▸ **TASK BRIEF**
Restrict the output to the lines below starting at the one that contains "proof (intro ballI impI)" and ending at the one that contains "using y by simp", and restate them word for word, both ends included.

▸ **MATERIAL PROVIDED**
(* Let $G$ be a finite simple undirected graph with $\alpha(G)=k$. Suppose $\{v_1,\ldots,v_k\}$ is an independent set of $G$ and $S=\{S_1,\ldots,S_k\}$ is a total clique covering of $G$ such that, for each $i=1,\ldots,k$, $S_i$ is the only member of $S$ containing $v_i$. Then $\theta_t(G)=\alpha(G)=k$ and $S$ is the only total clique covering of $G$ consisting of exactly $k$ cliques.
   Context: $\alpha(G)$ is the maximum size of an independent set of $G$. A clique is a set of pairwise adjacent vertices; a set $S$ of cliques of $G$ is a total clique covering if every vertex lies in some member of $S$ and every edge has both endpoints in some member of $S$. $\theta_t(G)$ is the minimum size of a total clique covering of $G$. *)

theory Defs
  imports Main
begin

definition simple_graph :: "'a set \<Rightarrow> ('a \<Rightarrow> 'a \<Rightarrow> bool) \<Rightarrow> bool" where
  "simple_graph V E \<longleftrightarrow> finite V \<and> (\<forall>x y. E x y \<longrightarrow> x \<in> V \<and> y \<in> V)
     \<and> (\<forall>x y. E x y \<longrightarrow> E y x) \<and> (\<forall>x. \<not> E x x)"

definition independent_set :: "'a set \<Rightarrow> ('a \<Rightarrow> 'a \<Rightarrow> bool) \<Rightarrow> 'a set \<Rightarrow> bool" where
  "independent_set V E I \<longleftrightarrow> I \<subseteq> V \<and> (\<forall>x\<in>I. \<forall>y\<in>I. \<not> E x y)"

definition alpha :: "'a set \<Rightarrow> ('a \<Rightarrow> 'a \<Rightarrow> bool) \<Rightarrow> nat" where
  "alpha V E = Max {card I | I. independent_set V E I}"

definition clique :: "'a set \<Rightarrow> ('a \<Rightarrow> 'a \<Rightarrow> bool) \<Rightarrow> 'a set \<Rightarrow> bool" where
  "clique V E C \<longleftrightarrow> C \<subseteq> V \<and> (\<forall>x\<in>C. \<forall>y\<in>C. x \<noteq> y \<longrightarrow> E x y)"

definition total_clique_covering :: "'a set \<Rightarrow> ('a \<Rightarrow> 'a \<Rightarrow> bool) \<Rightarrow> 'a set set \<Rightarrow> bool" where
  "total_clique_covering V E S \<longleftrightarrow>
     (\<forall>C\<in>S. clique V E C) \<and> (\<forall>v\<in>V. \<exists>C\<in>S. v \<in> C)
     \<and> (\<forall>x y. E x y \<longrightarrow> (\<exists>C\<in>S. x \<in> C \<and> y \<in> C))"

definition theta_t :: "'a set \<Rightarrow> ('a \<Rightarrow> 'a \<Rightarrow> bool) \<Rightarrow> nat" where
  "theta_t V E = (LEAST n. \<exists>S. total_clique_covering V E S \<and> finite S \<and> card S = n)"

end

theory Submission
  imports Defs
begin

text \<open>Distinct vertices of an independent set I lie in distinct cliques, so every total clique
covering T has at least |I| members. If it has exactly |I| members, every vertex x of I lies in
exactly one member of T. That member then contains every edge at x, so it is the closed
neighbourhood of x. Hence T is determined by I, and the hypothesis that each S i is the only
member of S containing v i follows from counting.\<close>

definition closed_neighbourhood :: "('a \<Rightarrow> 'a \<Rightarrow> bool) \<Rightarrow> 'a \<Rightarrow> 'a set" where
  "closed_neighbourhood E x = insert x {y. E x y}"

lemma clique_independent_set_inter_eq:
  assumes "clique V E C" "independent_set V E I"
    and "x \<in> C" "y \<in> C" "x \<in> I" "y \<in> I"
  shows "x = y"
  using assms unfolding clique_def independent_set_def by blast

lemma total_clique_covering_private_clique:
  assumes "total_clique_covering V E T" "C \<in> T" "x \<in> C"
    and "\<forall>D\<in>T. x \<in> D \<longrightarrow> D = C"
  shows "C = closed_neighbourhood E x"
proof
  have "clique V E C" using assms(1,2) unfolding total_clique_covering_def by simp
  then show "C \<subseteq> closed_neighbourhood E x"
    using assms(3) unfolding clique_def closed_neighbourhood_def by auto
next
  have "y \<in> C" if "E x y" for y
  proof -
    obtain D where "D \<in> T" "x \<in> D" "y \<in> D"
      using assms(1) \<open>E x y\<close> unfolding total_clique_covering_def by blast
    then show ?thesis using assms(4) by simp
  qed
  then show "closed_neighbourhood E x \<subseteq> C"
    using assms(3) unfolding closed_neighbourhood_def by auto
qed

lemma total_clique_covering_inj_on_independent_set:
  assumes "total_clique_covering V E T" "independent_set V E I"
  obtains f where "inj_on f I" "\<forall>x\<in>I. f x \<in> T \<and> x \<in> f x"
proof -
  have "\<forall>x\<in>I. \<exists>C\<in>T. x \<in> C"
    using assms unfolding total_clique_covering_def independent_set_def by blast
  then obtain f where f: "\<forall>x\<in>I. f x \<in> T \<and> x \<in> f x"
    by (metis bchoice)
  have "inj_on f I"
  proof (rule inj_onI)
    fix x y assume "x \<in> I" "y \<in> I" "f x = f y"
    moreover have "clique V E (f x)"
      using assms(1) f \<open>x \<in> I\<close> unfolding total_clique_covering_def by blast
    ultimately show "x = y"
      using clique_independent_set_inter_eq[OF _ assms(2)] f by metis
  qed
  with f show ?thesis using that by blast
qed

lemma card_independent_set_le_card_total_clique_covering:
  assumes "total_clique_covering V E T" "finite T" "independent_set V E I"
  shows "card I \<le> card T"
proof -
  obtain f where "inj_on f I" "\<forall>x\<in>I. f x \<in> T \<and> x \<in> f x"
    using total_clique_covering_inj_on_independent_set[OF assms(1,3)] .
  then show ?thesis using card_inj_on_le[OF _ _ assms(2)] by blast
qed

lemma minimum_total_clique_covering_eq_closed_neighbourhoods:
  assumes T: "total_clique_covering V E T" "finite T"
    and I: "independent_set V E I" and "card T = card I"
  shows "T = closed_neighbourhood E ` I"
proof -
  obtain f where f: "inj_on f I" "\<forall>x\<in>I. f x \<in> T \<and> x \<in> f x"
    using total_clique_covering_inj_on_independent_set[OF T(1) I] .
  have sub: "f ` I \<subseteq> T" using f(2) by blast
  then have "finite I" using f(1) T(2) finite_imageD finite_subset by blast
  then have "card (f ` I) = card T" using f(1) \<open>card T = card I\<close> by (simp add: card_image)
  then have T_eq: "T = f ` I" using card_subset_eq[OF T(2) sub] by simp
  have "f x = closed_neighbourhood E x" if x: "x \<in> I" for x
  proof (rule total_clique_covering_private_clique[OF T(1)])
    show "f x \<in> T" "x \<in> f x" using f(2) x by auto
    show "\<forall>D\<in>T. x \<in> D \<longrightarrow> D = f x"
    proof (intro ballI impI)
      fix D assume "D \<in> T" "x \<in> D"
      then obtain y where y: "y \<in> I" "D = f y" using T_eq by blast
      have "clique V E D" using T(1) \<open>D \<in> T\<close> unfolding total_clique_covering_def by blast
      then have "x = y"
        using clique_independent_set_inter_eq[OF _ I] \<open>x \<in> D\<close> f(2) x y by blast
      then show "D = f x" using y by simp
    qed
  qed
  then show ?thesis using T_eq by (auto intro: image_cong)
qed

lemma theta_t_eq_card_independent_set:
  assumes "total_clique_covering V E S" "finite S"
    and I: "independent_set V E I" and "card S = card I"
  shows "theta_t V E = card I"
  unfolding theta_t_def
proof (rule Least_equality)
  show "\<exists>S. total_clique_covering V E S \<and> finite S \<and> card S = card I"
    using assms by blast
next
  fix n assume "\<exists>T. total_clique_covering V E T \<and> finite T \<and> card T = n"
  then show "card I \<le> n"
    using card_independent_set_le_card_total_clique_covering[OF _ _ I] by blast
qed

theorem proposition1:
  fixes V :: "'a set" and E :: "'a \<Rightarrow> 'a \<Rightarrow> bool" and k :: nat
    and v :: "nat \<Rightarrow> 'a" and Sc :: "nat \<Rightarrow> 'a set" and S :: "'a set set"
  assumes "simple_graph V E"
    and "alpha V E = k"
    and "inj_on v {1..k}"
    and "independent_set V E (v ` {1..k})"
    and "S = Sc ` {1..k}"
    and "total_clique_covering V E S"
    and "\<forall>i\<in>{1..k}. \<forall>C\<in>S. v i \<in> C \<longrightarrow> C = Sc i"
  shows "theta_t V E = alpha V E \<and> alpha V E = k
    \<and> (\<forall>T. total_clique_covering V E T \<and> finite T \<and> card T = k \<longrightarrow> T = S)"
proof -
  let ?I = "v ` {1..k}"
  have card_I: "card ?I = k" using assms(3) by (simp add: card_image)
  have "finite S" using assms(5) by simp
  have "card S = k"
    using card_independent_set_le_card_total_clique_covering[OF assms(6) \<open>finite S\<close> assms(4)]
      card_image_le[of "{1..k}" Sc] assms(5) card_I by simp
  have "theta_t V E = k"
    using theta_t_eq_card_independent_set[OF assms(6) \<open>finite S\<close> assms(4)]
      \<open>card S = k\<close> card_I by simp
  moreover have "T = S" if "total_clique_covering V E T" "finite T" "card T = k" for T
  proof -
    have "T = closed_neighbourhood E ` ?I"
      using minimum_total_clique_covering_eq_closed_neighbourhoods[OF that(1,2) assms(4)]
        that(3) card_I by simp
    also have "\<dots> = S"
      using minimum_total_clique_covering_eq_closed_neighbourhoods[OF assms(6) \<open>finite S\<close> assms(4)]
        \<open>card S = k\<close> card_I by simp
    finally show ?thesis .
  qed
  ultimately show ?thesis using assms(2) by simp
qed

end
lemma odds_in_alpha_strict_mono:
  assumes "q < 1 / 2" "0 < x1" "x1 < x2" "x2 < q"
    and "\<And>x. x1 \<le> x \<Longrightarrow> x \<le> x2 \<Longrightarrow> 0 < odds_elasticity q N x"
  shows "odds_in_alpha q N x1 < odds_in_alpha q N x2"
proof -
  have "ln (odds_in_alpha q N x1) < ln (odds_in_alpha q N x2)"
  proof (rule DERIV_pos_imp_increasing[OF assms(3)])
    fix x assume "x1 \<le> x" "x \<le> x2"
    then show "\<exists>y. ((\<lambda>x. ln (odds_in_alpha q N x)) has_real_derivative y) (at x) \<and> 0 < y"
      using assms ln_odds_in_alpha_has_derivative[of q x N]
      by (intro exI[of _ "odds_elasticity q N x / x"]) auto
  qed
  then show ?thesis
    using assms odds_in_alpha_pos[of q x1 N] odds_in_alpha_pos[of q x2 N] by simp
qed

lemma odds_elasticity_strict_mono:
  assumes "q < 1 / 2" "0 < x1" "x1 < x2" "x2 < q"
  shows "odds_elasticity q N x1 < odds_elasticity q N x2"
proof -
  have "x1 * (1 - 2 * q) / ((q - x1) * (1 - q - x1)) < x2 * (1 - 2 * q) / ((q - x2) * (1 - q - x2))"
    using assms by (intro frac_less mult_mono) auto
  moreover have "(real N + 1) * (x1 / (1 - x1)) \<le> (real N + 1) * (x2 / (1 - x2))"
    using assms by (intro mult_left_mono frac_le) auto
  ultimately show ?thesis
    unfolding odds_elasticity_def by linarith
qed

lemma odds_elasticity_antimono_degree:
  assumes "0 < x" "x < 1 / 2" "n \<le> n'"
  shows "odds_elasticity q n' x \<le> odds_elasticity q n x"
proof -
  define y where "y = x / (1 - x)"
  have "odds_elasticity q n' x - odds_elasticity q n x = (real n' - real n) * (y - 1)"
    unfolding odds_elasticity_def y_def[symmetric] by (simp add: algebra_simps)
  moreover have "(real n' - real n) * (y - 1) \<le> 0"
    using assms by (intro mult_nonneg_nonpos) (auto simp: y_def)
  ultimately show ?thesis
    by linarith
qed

▸ **TASK RESPONSE**
    proof (intro ballI impI)
      fix D assume "D \<in> T" "x \<in> D"
      then obtain y where y: "y \<in> I" "D = f y" using T_eq by blast
      have "clique V E D" using T(1) \<open>D \<in> T\<close> unfolding total_clique_covering_def by blast
      then have "x = y"
        using clique_independent_set_inter_eq[OF _ I] \<open>x \<in> D\<close> f(2) x y by blast
      then show "D = f x" using y by simp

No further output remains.